UK’s Aveva and France’s Schneider Electric call off planned merger citing risk
The proposed merger between French electrical giant Schneider Electric (SCHN.PA) and Britain's energy industry software provider Aveva (AVV.L) has been called off. The companies said the deal was too “risky and expensive.” They said talks were being called off under mutual consent and no break away fees is involved.
The two companies inked a non-binding agreement in July by which Aveva would have got Schneider’s industrial software business and 550 million pounds or about US $834 million (AU$1.16 billion) in cash at the current exchange rates, reports Reuters.
Aveva was founded in 1967 as a spin-off from Cambridge University and makes software for designing oil rigs, ships and nuclear power stations. Schneider is into electric components and energy management systems.

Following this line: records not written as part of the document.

lemma typing_dsubst:
  "typing omega T R (basis_ins B k s) d t \<Longrightarrow> typing omega T R B e s
    \<Longrightarrow> typing omega T R B (dsubst d e k) t"
proof (induction "basis_ins B k s" d t arbitrary: B k e rule: typing.induct)
  case (ax x t)
  then show ?case by (auto intro!: typing.intros simp: basis_ins_def split: if_splits)
next
  case (arrI s' d t)
  have "typing omega T R (case_nat (Some s') B) (dlift e 0) s"
    using typing_dlift[OF arrI.prems, of 0 s'] by (simp add: basis_ins_0)
  then show ?case
    using arrI.hyps(2)[OF case_nat_basis_ins] by (auto intro!: typing.intros)
qed (fastforce intro: typing.intros lsubst)+

lemma typing_beta_reduct:
  assumes "typing omega T R B (App (Lam s d1) d2) t"
  shows "typing omega T R B (dsubst d1 d2 0) t"
proof -
  obtain s' where lam: "typing omega T R B (Lam s d1) (Arr s' t)" and arg: "typing omega T R B d2 s'"
    using assms by (auto elim: typing_AppE)
  from lam have "s' = s" and body: "typing omega T R (case_nat (Some s) B) d1 t"
    by (auto elim: typing_LamE)
  show ?thesis
    using typing_dsubst[where k = 0] body arg \<open>s' = s\<close> by (simp add: basis_ins_0)
qed

end

lemma typing_sred:
  "sred d d' \<Longrightarrow> typing omega T syn_eq B d t \<Longrightarrow> typing omega T syn_eq B d' t"
proof (induction arbitrary: B t rule: sred.induct)
  case beta
  then show ?case by (rule subst_stable.typing_beta_reduct[OF subst_stable_syn_eq])
next
  case pair
  then show ?case by (auto elim!: typing_PairE intro!: typing.intros simp: syn_eq_def)
qed (auto elim!: typing_LamE typing_AppE typing_Pr1E typing_Pr2E typing_PairE typing_CoeE
       intro: typing.intros)

context lambda_congruence
begin

lemma R_refl: "R a a"
  using equivp by (simp add: equivp_reflp)

lemma R_sym: "R a b \<Longrightarrow> R b a"
  using equivp by (rule equivp_symp)

lemma R_trans: "R a b \<Longrightarrow> R b c \<Longrightarrow> R a c"
  using equivp by (rule equivp_transp)

text \<open>Typing is needed here: \<open>Pr2 (Pair d1 d2)\<close> has the essence of \<open>d1\<close> but reduces
  to \<open>d2\<close>, whose essence is R-related to it only by the premise of (\<open>\<inter>\<close>I).\<close>
lemma dred_essence:
  "dred d d' \<Longrightarrow> typing omega T R B d t \<Longrightarrow> R (essence d) (essence d')"
proof (induction arbitrary: B t rule: dred.induct)
  case beta
  show ?case by (simp add: beta_conv)
qed (auto elim!: typing_LamE typing_AppE typing_Pr1E typing_Pr2E typing_PairE typing_CoeE
       intro: app_cong abs_cong R_refl)

lemma typing_dred:
  "dred d d' \<Longrightarrow> typing omega T R B d t \<Longrightarrow> typing omega T R B d' t"
proof (induction arbitrary: B t rule: dred.induct)
  case beta
  then show ?case by (rule typing_beta_reduct)
next
  case (pairL d d' e)
  from pairL.prems obtain s1 t1 where "t = Inter s1 t1" and "typing omega T R B d s1"
    and "typing omega T R B e t1" and "R (essence d) (essence e)"
    by (auto elim: typing_PairE)
  moreover from \<open>typing omega T R B d s1\<close> have "R (essence d) (essence d')"
    by (rule dred_essence[OF pairL.hyps])
  ultimately show ?case
    using pairL.IH by (auto intro!: typing.intros intro: R_sym R_trans)
next
  case (pairR e e' d)
  from pairR.prems obtain s1 t1 where "t = Inter s1 t1" and "typing omega T R B d s1"
    and "typing omega T R B e t1" and "R (essence d) (essence e)"
    by (auto elim: typing_PairE)
  moreover from \<open>typing omega T R B e t1\<close> have "R (essence e) (essence e')"
    by (rule dred_essence[OF pairR.hyps])
  ultimately show ?case
    using pairR.IH by (auto intro!: typing.intros intro: R_trans)
qed (auto elim!: typing_LamE typing_AppE typing_Pr1E typing_Pr2E typing_PairE typing_CoeE
       intro: typing.intros)
(* For an $(n,k)$ SPC product code, the block error probabilities under SC and Elias' decoding over the BEC($\epsilon$) satisfy $P_{\mathrm{SC}} \leq P_{\mathrm{E}}$.
   Context: Consider an $m$-dimensional $(n,k)$ systematic single parity-check (SPC) product code (each component code along dimension $\ell$ is an $(n_\ell,n_\ell-1)$ SPC code) used over the binary erasure channel BEC($\epsilon$). Successive cancellation (SC) decoding decodes the information bits $u_1,\dots,u_k$ in order, each decision $\hat u_i$ being based on the channel output and the previous decisions $\hat u_1,\dots,\hat u_{i-1}$ (likelihoods computed recursively across dimensions); Elias' decoding decodes the component codes dimension by dimension in one sweep and computes the likelihood of each $u_i$ without using decisions on other information bits. Over the BEC both decoders output an erasure when the two hypotheses are equally likely. $P_{\mathrm{SC}}$ and $P_{\mathrm{E}}$ denote the probabilities that the decoded vector (under SC and Elias' decoding, respectively) differs from the transmitted information vector $\boldsymbol{u}$ (an erasure counts as an error). *)

theory Defs
  imports "HOL-Probability.Probability"
begin

(* Component lengths of the m-dimensional SPC product code: ns = [n_1,...,n_m].
   Coordinate 0 along every dimension is the parity position; information bits
   are the positions with all coordinates >= 1 (systematic encoding). *)
definition positions :: "nat list \<Rightarrow> nat list set" where
  "positions ns = {p. length p = length ns \<and> (\<forall>l<length ns. p ! l < ns ! l)}"

definition info_positions :: "nat list \<Rightarrow> nat list set" where
  "info_positions ns = {p \<in> positions ns. \<forall>l<length ns. 1 \<le> p ! l}"

(* Erasure patterns: E p = True iff code bit p is erased by the BEC. *)

(* BEC synthesized channel of the SPC kernel of size n
   (x_0 = u_0 + ... + u_(n-1), x_j = u_j for j >= 1, u_0 frozen):
   u_i (i >= 1) is erased given y and u_0..u_(i-1) iff x_i is erased and
   (x_0 is erased or some x_j with j > i is erased). *)
definition kernel_erased :: "nat \<Rightarrow> nat \<Rightarrow> (nat \<Rightarrow> bool) \<Rightarrow> bool" where
  "kernel_erased n i e \<longleftrightarrow> e i \<and> (e 0 \<or> (\<exists>j. i < j \<and> j < n \<and> e j))"

(* Block failure of (genie-aided, equivalently actual for block error) SC decoding:
   recursive across dimensions, dimension 1 being the kernel nearest the channel;
   information bits decoded in lexicographic order. Frozen branches are skipped
   since frozen bits are known to the decoder. *)
fun sc_fail :: "nat list \<Rightarrow> (nat list \<Rightarrow> bool) \<Rightarrow> bool" where
  "sc_fail [] E = E []"
| "sc_fail (n # ns) E =
     (\<exists>i\<in>{1..<n}. sc_fail ns (\<lambda>q. kernel_erased n i (\<lambda>j. E (j # q))))"

(* One Elias step along dimension l: each erased bit is recovered by its
   (n_l, n_l - 1) SPC component iff it is the only erasure on its line. *)
definition elias_step :: "nat list \<Rightarrow> nat \<Rightarrow> (nat list \<Rightarrow> bool) \<Rightarrow> (nat list \<Rightarrow> bool)" where
  "elias_step ns l E = (\<lambda>p. E p \<and> (\<exists>j<ns ! l. j \<noteq> p ! l \<and> E (p[l := j])))"

definition elias_final :: "nat list \<Rightarrow> (nat list \<Rightarrow> bool) \<Rightarrow> (nat list \<Rightarrow> bool)" where
  "elias_final ns E = fold (elias_step ns) [0..<length ns] E"

definition elias_fail :: "nat list \<Rightarrow> (nat list \<Rightarrow> bool) \<Rightarrow> bool" where
  "elias_fail ns E \<longleftrightarrow> (\<exists>p\<in>info_positions ns. elias_final ns E p)"

definition bec_pattern :: "nat list \<Rightarrow> real \<Rightarrow> (nat list \<Rightarrow> bool) pmf" where
  "bec_pattern ns eps = Pi_pmf (positions ns) False (\<lambda>_. bernoulli_pmf eps)"

definition P_SC :: "nat list \<Rightarrow> real \<Rightarrow> real" where
  "P_SC ns eps = measure_pmf.prob (bec_pattern ns eps) {E. sc_fail ns E}"

definition P_E :: "nat list \<Rightarrow> real \<Rightarrow> real" where
  "P_E ns eps = measure_pmf.prob (bec_pattern ns eps) {E. elias_fail ns E}"

end

theory Submission
  imports Defs
begin

(* SC decoding fails on no more erasure patterns than Elias' decoding, so the
   inequality holds pattern by pattern. By induction on the number of dimensions: if SC fails at
   kernel bit i of the first dimension on the slice pattern, then x_i is erased
   together with another bit of its line, so it survives the first Elias step.
   The remaining Elias steps act on each slice i # _ separately, and sc_fail is
   monotone in the erasure pattern, so the induction hypothesis applies to the
   slice at i. *)

lemma sc_fail_mono:
  assumes "\<And>p. E p \<Longrightarrow> E' p" and "sc_fail ns E"
  shows "sc_fail ns E'"
  using assms
proof (induction ns arbitrary: E E')
  case Nil
  then show ?case by simp
next
  case (Cons n ns)
  then obtain i where i: "i \<in> {1..<n}"
    and fail: "sc_fail ns (\<lambda>q. kernel_erased n i (\<lambda>j. E (j # q)))"
    by auto
  have "sc_fail ns (\<lambda>q. kernel_erased n i (\<lambda>j. E' (j # q)))"
    using Cons.prems(1) by (intro Cons.IH[OF _ fail]) (auto simp: kernel_erased_def)
  with i show ?case by auto
qed

lemma elias_step_Cons_Suc:
  "elias_step (n # ns) (Suc l) E (i # q) = elias_step ns l (\<lambda>q. E (i # q)) q"
  unfolding elias_step_def by simp

lemma fold_elias_step_map_Suc:
  "fold (elias_step (n # ns)) (map Suc ls) E (i # q) = fold (elias_step ns) ls (\<lambda>q. E (i # q)) q"
proof (induction ls arbitrary: E)
  case Nil
  then show ?case by simp
next
  case (Cons l ls)
  have "(\<lambda>q. elias_step (n # ns) (Suc l) E (i # q)) = elias_step ns l (\<lambda>q. E (i # q))"
    by (simp add: elias_step_Cons_Suc)
  with Cons.IH[of "elias_step (n # ns) (Suc l) E"] show ?case by simp
qed

lemma elias_final_Cons:
  "elias_final (n # ns) E (i # q) = elias_final ns (\<lambda>q. elias_step (n # ns) 0 E (i # q)) q"
proof -
  have upt: "[0..<Suc (length ns)] = 0 # map Suc [0..<length ns]"
    by (simp only: upt_conv_Cons[of 0] map_Suc_upt)
  show ?thesis
    unfolding elias_final_def length_Cons upt by (simp add: fold_elias_step_map_Suc)
qed

lemma Cons_in_info_positions:
  assumes "i \<in> {1..<n}" and "q \<in> info_positions ns"
  shows "i # q \<in> info_positions (n # ns)"
  using assms unfolding info_positions_def positions_def
  by (auto simp: nth_Cons split: nat.splits)

lemma kernel_erased_imp_elias_step:
  assumes "i \<in> {1..<n}" and "kernel_erased n i (\<lambda>j. E (j # q))"
  shows "elias_step (n # ns) 0 E (i # q)"
  using assms unfolding kernel_erased_def elias_step_def by (auto intro: exI[of _ 0])

lemma sc_fail_imp_elias_fail: "sc_fail ns E \<Longrightarrow> elias_fail ns E"
proof (induction ns arbitrary: E)
  case Nil
  then show ?case
    by (simp add: elias_fail_def elias_final_def info_positions_def positions_def)
next
  case (Cons n ns)
  then obtain i where i: "i \<in> {1..<n}"
    and fail: "sc_fail ns (\<lambda>q. kernel_erased n i (\<lambda>j. E (j # q)))"
    by auto
  have "sc_fail ns (\<lambda>q. elias_step (n # ns) 0 E (i # q))"
    using i by (intro sc_fail_mono[OF _ fail] kernel_erased_imp_elias_step)
  then obtain q where q: "q \<in> info_positions ns"
    and "elias_final ns (\<lambda>q. elias_step (n # ns) 0 E (i # q)) q"
    using Cons.IH unfolding elias_fail_def by blast
  then have "elias_final (n # ns) E (i # q)"
    by (simp add: elias_final_Cons)
  with Cons_in_info_positions[OF i q] show ?case
    unfolding elias_fail_def by blast
qed

theorem theorem1:
  fixes ns :: "nat list" and eps :: real
  assumes "\<forall>n\<in>set ns. 2 \<le> n"
    and "0 \<le> eps" and "eps \<le> 1"
  shows "P_SC ns eps \<le> P_E ns eps"
  unfolding P_SC_def P_E_def
  by (rule measure_pmf.finite_measure_mono) (auto intro: sc_fail_imp_elias_fail)

end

“The anticipated uplift in shareholder value was unlikely to have been realised to the extent previously considered,” Aveva said.
In a reaction, Kepler Cheuvreux analyst William Mackie said scrapping the deal is a good move by Schneider.
“It avoids pursuit of a complex industrial software strategy and consent to a premium price at a time when Aveva's core markets are experiencing deteriorating demand,” the analyst noted.
Risk element
For Aveva, the merger was posing the risk of reducing its exposure to oil and gas markets, which is 45 percent of its total revenue. That segment is already under pressure from falling oil prices and low demand in rigs design work.
“The risk element got beyond bearable from our shareholders' point of view,” Aveva chief executive Richard Longdon told the Telegraph . He said the software assets that Schneider wanted to merge with Aveva were very much intertwined with Schneider. Separating them as a freestanding business was more complicated than originally envisaged, he added.
Integration challenges
“During the due diligence process, significant integration challenges were identified that could not be overcome without considerable additional risk and cost,” Aveva said in a news release, added New York Times.
The news of scuppered deal tumbled the share price of Aveva by nearly 36 percent in London on Tuesday. Aveva maintains that the highly complex structure of the proposed transaction will not help in giving the anticipated boost to shareholder value than previously envisaged. The deal would have given Schneider Electric a 53.5 percent stake in Aveva with the transaction becoming a classic case of reverse merger under the UK takeover rules.